Among the entries that follow, the required portion opens with the line containing "using derivative_ge_one_unbounded by" and closes with the line containing "(\<forall>x. (1/2) *". Give that portion again exactly, and nothing else.

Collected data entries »
────────────────

(* Let $L>0$ and consider the sixth-order ODE $$\tfrac12\,\theta=\theta^2\bigl(\theta^{(6)}+\theta\bigr).$$ (i) There is no function $\theta\in C^6([-L,L])$, $\theta\not\equiv0$, solving this ODE on $(-L,L)$ with $\theta(\pm L)=\theta'(\pm L)=\theta''(\pm L)=0$. (ii) There is no $\theta\in C^6(\mathbb{R})$, $\theta\not\equiv 0$, with $\theta,\theta',\dots,\theta^{(5)}$ bounded on $\mathbb{R}$, solving this ODE on $\mathbb{R}$ with $\theta(x)\to0$ as $x\to\pm\infty$.
   Context: This is the profile equation for separable blow-up solutions $u=(T-t)^{-1/2}\theta(x)$ of $u_t=u^2(u_{xxxxxx}+u)$. For non-vanishing solutions one has the first integral $\tfrac12\ln|\theta|=\theta^{(5)}\theta'-\theta^{(4)}\theta''+\tfrac12(\theta'')^2+\tfrac12\theta^2+C$, $C\in\mathbb{R}$ a constant. *)

theory Defs
  imports "HOL-Analysis.Analysis"
begin

text \<open>C^n regularity on a set S, given by an explicit chain of derivatives:
  D 0 is the function, D (Suc k) is the derivative of D k (taken within S,
  i.e. one-sided at endpoints of a closed interval) for k < n, and D n is continuous on S.\<close>
definition Ck_chain :: "nat \<Rightarrow> real set \<Rightarrow> (nat \<Rightarrow> real \<Rightarrow> real) \<Rightarrow> bool" where
  "Ck_chain n S D \<longleftrightarrow>
     (\<forall>k<n. \<forall>x\<in>S. (D k has_real_derivative D (Suc k) x) (at x within S))
     \<and> continuous_on S (D n)"

end

theory Submission
  imports Defs
begin

(* Wherever the profile \<theta> does not vanish, the
   equation  (1/2) \<theta> = \<theta>^2 (\<theta>^(6) + \<theta>)  can be divided by \<theta>, giving
   \<theta> (\<theta>^(6) + \<theta>) = 1/2.  Hence \<theta> cannot tend to 0 at a point where \<theta>^(6) stays
   bounded, so the zero set of \<theta> is open as well as closed: on a connected domain a
   nontrivial solution never vanishes (lemma nonvanishing_propagates).
   (i) On [-L,L] this contradicts \<theta>(L) = 0; only continuity of \<theta> and \<theta>^(6) is used.
   (ii) On \<real> the solution has constant sign, and \<theta> \<rightarrow> 0 at +\<infinity> forces
   |\<theta>^(6)| = |1/(2\<theta>) - \<theta>| \<ge> 1 with a fixed sign near +\<infinity>; then \<theta>^(5), whose derivative
   is \<theta>^(6), grows at least linearly, contradicting its boundedness.  The negative case
   reduces to the positive one since the equation is invariant under (\<theta>,\<theta>^(6)) \<mapsto> (-\<theta>,-\<theta>^(6)). *)

lemma Ck_chain_continuous_on:
  assumes "Ck_chain n S D" and "k \<le> n"
  shows "continuous_on S (D k)"
proof (cases "k = n")
  case False
  with assms have "\<forall>x\<in>S. (D k has_real_derivative D (Suc k) x) (at x within S)"
    unfolding Ck_chain_def by auto
  then show ?thesis by (intro DERIV_continuous_on) auto
qed (use assms in \<open>simp add: Ck_chain_def\<close>)

lemma profile_equation_divided:
  fixes u v :: real
  assumes "u \<noteq> 0" and "1/2 * u = u^2 * (v + u)"
  shows "u * (v + u) = 1/2"
proof -
  have "u * (1/2 - u * (v + u)) = 0"
    using assms(2) by (simp add: power2_eq_square algebra_simps)
  with assms(1) show ?thesis by simp
qed

text \<open>Key lemma: if f (v + f) = 1/2 wherever f does not vanish, with f and v continuous,
  then the nonzero set of f is clopen, so on a connected set f vanishes nowhere
  as soon as it is nonzero at one point.\<close>
lemma nonvanishing_propagates:
  fixes f v :: "real \<Rightarrow> real"
  assumes S: "connected S" and f: "continuous_on S f" and v: "continuous_on S v"
    and eq: "\<And>y. y \<in> S \<Longrightarrow> f y \<noteq> 0 \<Longrightarrow> f y * (v y + f y) = 1/2"
    and x: "x \<in> S" "f x \<noteq> 0" and z: "z \<in> S"
  shows "f z \<noteq> 0"
proof -
  define T where "T = {y\<in>S. f y \<noteq> 0}"
  have "openin (top_of_set S) (S \<inter> f -` (- {0}))"
    using f by (rule continuous_openin_preimage_gen) auto
  then have open_T: "openin (top_of_set S) T"
    by (simp add: T_def vimage_def Int_def)
  have "a \<in> T" if a: "a islimpt T" "a \<in> S" for a
  proof (rule ccontr)
    assume "a \<notin> T"
    with a have fa: "f a = 0" by (simp add: T_def)
    have nontrivial: "at a within T \<noteq> bot"
      using a(1) trivial_limit_within by blast
    have "(f \<longlongrightarrow> f a) (at a within T)" "(v \<longlongrightarrow> v a) (at a within T)"
      using f v a(2) by (auto simp: continuous_on_def T_def intro: tendsto_within_subset)
    then have "((\<lambda>y. f y * (v y + f y)) \<longlongrightarrow> f a * (v a + f a)) (at a within T)"
      by (intro tendsto_intros)
    moreover have "eventually (\<lambda>y. f y * (v y + f y) = 1/2) (at a within T)"
      by (auto simp: eventually_at_filter T_def eq)
    ultimately have "((\<lambda>y. 1/2) \<longlongrightarrow> f a * (v a + f a)) (at a within T)"
      by (simp add: tendsto_cong)
    with nontrivial have "1/2 = f a * (v a + f a)"
      by (simp add: tendsto_const_iff)
    with fa show False by simp
  qed
  then have "closedin (top_of_set S) T"
    by (auto simp: closedin_limpt T_def)
  with open_T S have "T = {} \<or> T = S"
    by (simp add: connected_clopen)
  with x z show ?thesis by (auto simp: T_def)
qed

lemma nonvanishing_constant_sign:
  fixes f :: "real \<Rightarrow> real"
  assumes S: "connected S" and f: "continuous_on S f" and nz: "\<And>y. y \<in> S \<Longrightarrow> f y \<noteq> 0"
    and x: "x \<in> S" "f x > 0" and y: "y \<in> S"
  shows "f y > 0"
proof (rule ccontr)
  assume "\<not> f y > 0"
  then have "f y \<le> 0 \<and> 0 \<le> f x" using x by simp
  moreover have "connected (f ` S)" using f S by (rule connected_continuous_image)
  ultimately have "0 \<in> f ` S"
    using x y by (intro connectedD_interval[of "f ` S" "f y" "f x" 0]) auto
  with nz show False by auto
qed

text \<open>A positive solution tending to 0 at +\<infinity> has v = 1/(2f) - f \<ge> 1 eventually.\<close>
lemma profile_forces_large_derivative:
  fixes f v :: "real \<Rightarrow> real"
  assumes pos: "\<And>t. f t > 0" and lim: "(f \<longlongrightarrow> 0) at_top"
    and eq: "\<And>t. f t * (v t + f t) = 1/2"
  shows "eventually (\<lambda>t. v t \<ge> 1) at_top"
proof -
  have "eventually (\<lambda>t. f t < 1/4) at_top"
    using lim by (rule order_tendstoD) simp
  then show ?thesis
  proof eventually_elim
    case (elim t)
    have "v t + f t > 2"
    proof (rule ccontr)
      assume "\<not> v t + f t > 2"
      then have "f t * (v t + f t) \<le> f t * 2"
        using pos[of t] by (intro mult_left_mono) auto
      with eq[of t] elim show False by linarith
    qed
    with elim show ?case by linarith
  qed
qed

lemma derivative_ge_one_unbounded:
  fixes h h' :: "real \<Rightarrow> real"
  assumes der: "\<And>x. (h has_real_derivative h' x) (at x)"
    and large: "eventually (\<lambda>t. h' t \<ge> 1) at_top"
  shows "\<not> bounded (range h)"
proof
  assume "bounded (range h)"
  then obtain B where B: "\<And>y. \<bar>h y\<bar> \<le> B" unfolding bounded_real by blast
  obtain X where X: "\<And>t. t \<ge> X \<Longrightarrow> h' t \<ge> 1"
    using large by (auto simp: eventually_at_top_linorder)
  define y where "y = X + 2 * B + 1"
  have "B \<ge> 0" using B[of 0] by linarith
  then have Xy: "X \<le> y" by (simp add: y_def)
  have "h X - X \<le> h y - y"
  proof (rule DERIV_nonneg_imp_nondecreasing[OF Xy])
    fix t assume "X \<le> t"
    then show "\<exists>d. ((\<lambda>t. h t - t) has_real_derivative d) (at t) \<and> d \<ge> 0"
      using X[of t] by (intro exI[of _ "h' t - 1"]) (auto intro!: derivative_eq_intros der)
  qed
  with B[of X] B[of y] show False by (simp add: y_def)
qed

text \<open>Part (i): no nontrivial C^6 solution on [-L,L] vanishes at both endpoints.\<close>
lemma no_solution_on_interval:
  fixes L :: real and D :: "nat \<Rightarrow> real \<Rightarrow> real"
  assumes ck: "Ck_chain 6 {-L..L} D" and x: "x \<in> {-L..L}" "D 0 x \<noteq> 0"
    and eq: "\<forall>y\<in>{-L<..<L}. (1/2) * D 0 y = (D 0 y)^2 * (D 6 y + D 0 y)"
    and bdry: "D 0 L = 0" "D 0 (-L) = 0"
  shows False
proof -
  have prod: "D 0 y * (D 6 y + D 0 y) = 1/2" if "y \<in> {-L..L}" "D 0 y \<noteq> 0" for y
  proof -
    from that bdry have "y \<in> {-L<..<L}" by (auto simp: less_le)
    with eq that(2) show ?thesis by (simp add: profile_equation_divided)
  qed
  have "L \<in> {-L..L}" using x by simp
  with prod x have "D 0 L \<noteq> 0"
    by (intro nonvanishing_propagates[of "{-L..L}" "D 0" "D 6" x L]
        Ck_chain_continuous_on[OF ck]) auto
  with bdry show False by simp
qed

text \<open>Part (ii): a nontrivial C^6 solution on the real line cannot tend to 0 at +\<infinity>
  while its fifth derivative stays bounded.\<close>
lemma no_decaying_solution_on_line:
  fixes D :: "nat \<Rightarrow> real \<Rightarrow> real"
  assumes ck: "Ck_chain 6 UNIV D" and x: "D 0 x \<noteq> 0"
    and bounded5: "bounded (range (D 5))"
    and eq: "\<forall>y. (1/2) * D 0 y = (D 0 y)^2 * (D 6 y + D 0 y)"
    and lim: "(D 0 \<longlongrightarrow> 0) at_top"
  shows False
proof -
  have cont0: "continuous_on UNIV (D 0)" and cont6: "continuous_on UNIV (D 6)"
    by (rule Ck_chain_continuous_on[OF ck]; simp)+
  have der5: "(D 5 has_real_derivative D 6 t) (at t)" for t
    using ck unfolding Ck_chain_def by (auto dest: spec[of _ 5])
  have prod_if: "D 0 y * (D 6 y + D 0 y) = 1/2" if "D 0 y \<noteq> 0" for y
    using that eq by (simp add: profile_equation_divided)
  have nz: "D 0 y \<noteq> 0" for y
    by (rule nonvanishing_propagates[OF connected_UNIV cont0 cont6 prod_if _ x]) auto
  have prod: "D 0 t * (D 6 t + D 0 t) = 1/2" for t
    using nz by (rule prod_if)
  have "(\<forall>t. D 0 t > 0) \<or> (\<forall>t. - D 0 t > 0)"
  proof (cases "D 0 x > 0")
    case True
    then show ?thesis
      using nonvanishing_constant_sign[OF connected_UNIV cont0 nz] by blast
  next
    case False
    with x have "- D 0 x > 0" by simp
    then show ?thesis
      using nonvanishing_constant_sign[OF connected_UNIV continuous_on_minus[OF cont0], of x] nz
      by auto
  qed
  then show False
  proof
    assume "\<forall>t. D 0 t > 0"
    with lim prod have "eventually (\<lambda>t. D 6 t \<ge> 1) at_top"
      by (intro profile_forces_large_derivative) auto
    with der5 bounded5 show False
      using derivative_ge_one_unbounded by blast
  next
    assume neg: "\<forall>t. - D 0 t > 0"
    from lim have "((\<lambda>t. - D 0 t) \<longlongrightarrow> 0) at_top"
      using tendsto_minus by fastforce
    with neg prod have "eventually (\<lambda>t. - D 6 t \<ge> 1) at_top"
      by (intro profile_forces_large_derivative[where v = "\<lambda>t. - D 6 t"])
        (auto simp: algebra_simps)
    moreover have "((\<lambda>t. - D 5 t) has_real_derivative - D 6 t) (at t)" for t
      using der5 by (rule DERIV_minus)
    ultimately have "\<not> bounded (range (\<lambda>t. - D 5 t))"
      by (rule derivative_ge_one_unbounded[rotated])
    with bounded5 show False
      by (simp add: bounded_minus_comp)
  qed
qed

theorem mainTheorem2:
  fixes L :: real
  assumes "L > 0"
  shows "\<not> (\<exists>D. Ck_chain 6 {-L..L} D
               \<and> (\<exists>x\<in>{-L..L}. D 0 x \<noteq> 0)
               \<and> (\<forall>x\<in>{-L<..<L}. (1/2) * D 0 x = (D 0 x)^2 * (D 6 x + D 0 x))
               \<and> D 0 L = 0 \<and> D 0 (-L) = 0
               \<and> D 1 L = 0 \<and> D 1 (-L) = 0
               \<and> D 2 L = 0 \<and> D 2 (-L) = 0)
       \<and> \<not> (\<exists>D. Ck_chain 6 UNIV D
               \<and> (\<exists>x. D 0 x \<noteq> 0)
               \<and> (\<forall>k\<le>5. bounded (range (D k)))
               \<and> (\<forall>x. (1/2) * D 0 x = (D 0 x)^2 * (D 6 x + D 0 x))
               \<and> (D 0 \<longlongrightarrow> 0) at_top \<and> (D 0 \<longlongrightarrow> 0) at_bot)"
proof (intro conjI notI; elim exE conjE bexE)
  fix D x
  assume "Ck_chain 6 {-L..L} D" "x \<in> {-L..L}" "D 0 x \<noteq> 0"
    "\<forall>y\<in>{-L<..<L}. (1/2) * D 0 y = (D 0 y)^2 * (D 6 y + D 0 y)" "D 0 L = 0" "D 0 (-L) = 0"
  then show False by (rule no_solution_on_interval)
next
  fix D x
  assume "Ck_chain 6 UNIV D" "D 0 x \<noteq> 0" "\<forall>k\<le>5. bounded (range (D k))"
    "\<forall>y. (1/2) * D 0 y = (D 0 y)^2 * (D 6 y + D 0 y)" "(D 0 \<longlongrightarrow> 0) at_top"
  then show False by (intro no_decaying_solution_on_line[of D x]) auto
qed

end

────────────────

Solution »
      using derivative_ge_one_unbounded by blast
  next
    assume neg: "\<forall>t. - D 0 t > 0"
    from lim have "((\<lambda>t. - D 0 t) \<longlongrightarrow> 0) at_top"
      using tendsto_minus by fastforce
    with neg prod have "eventually (\<lambda>t. - D 6 t \<ge> 1) at_top"
      by (intro profile_forces_large_derivative[where v = "\<lambda>t. - D 6 t"])
        (auto simp: algebra_simps)
    moreover have "((\<lambda>t. - D 5 t) has_real_derivative - D 6 t) (at t)" for t
      using der5 by (rule DERIV_minus)
    ultimately have "\<not> bounded (range (\<lambda>t. - D 5 t))"
      by (rule derivative_ge_one_unbounded[rotated])
    with bounded5 show False
      by (simp add: bounded_minus_comp)
  qed
qed

theorem mainTheorem2:
  fixes L :: real
  assumes "L > 0"
  shows "\<not> (\<exists>D. Ck_chain 6 {-L..L} D
               \<and> (\<exists>x\<in>{-L..L}. D 0 x \<noteq> 0)
               \<and> (\<forall>x\<in>{-L<..<L}. (1/2) * D 0 x = (D 0 x)^2 * (D 6 x + D 0 x))
               \<and> D 0 L = 0 \<and> D 0 (-L) = 0
               \<and> D 1 L = 0 \<and> D 1 (-L) = 0
               \<and> D 2 L = 0 \<and> D 2 (-L) = 0)
       \<and> \<not> (\<exists>D. Ck_chain 6 UNIV D
               \<and> (\<exists>x. D 0 x \<noteq> 0)
               \<and> (\<forall>k\<le>5. bounded (range (D k)))
               \<and> (\<forall>x. (1/2) * D 0 x = (D 0 x)^2 * (D 6 x + D 0 x))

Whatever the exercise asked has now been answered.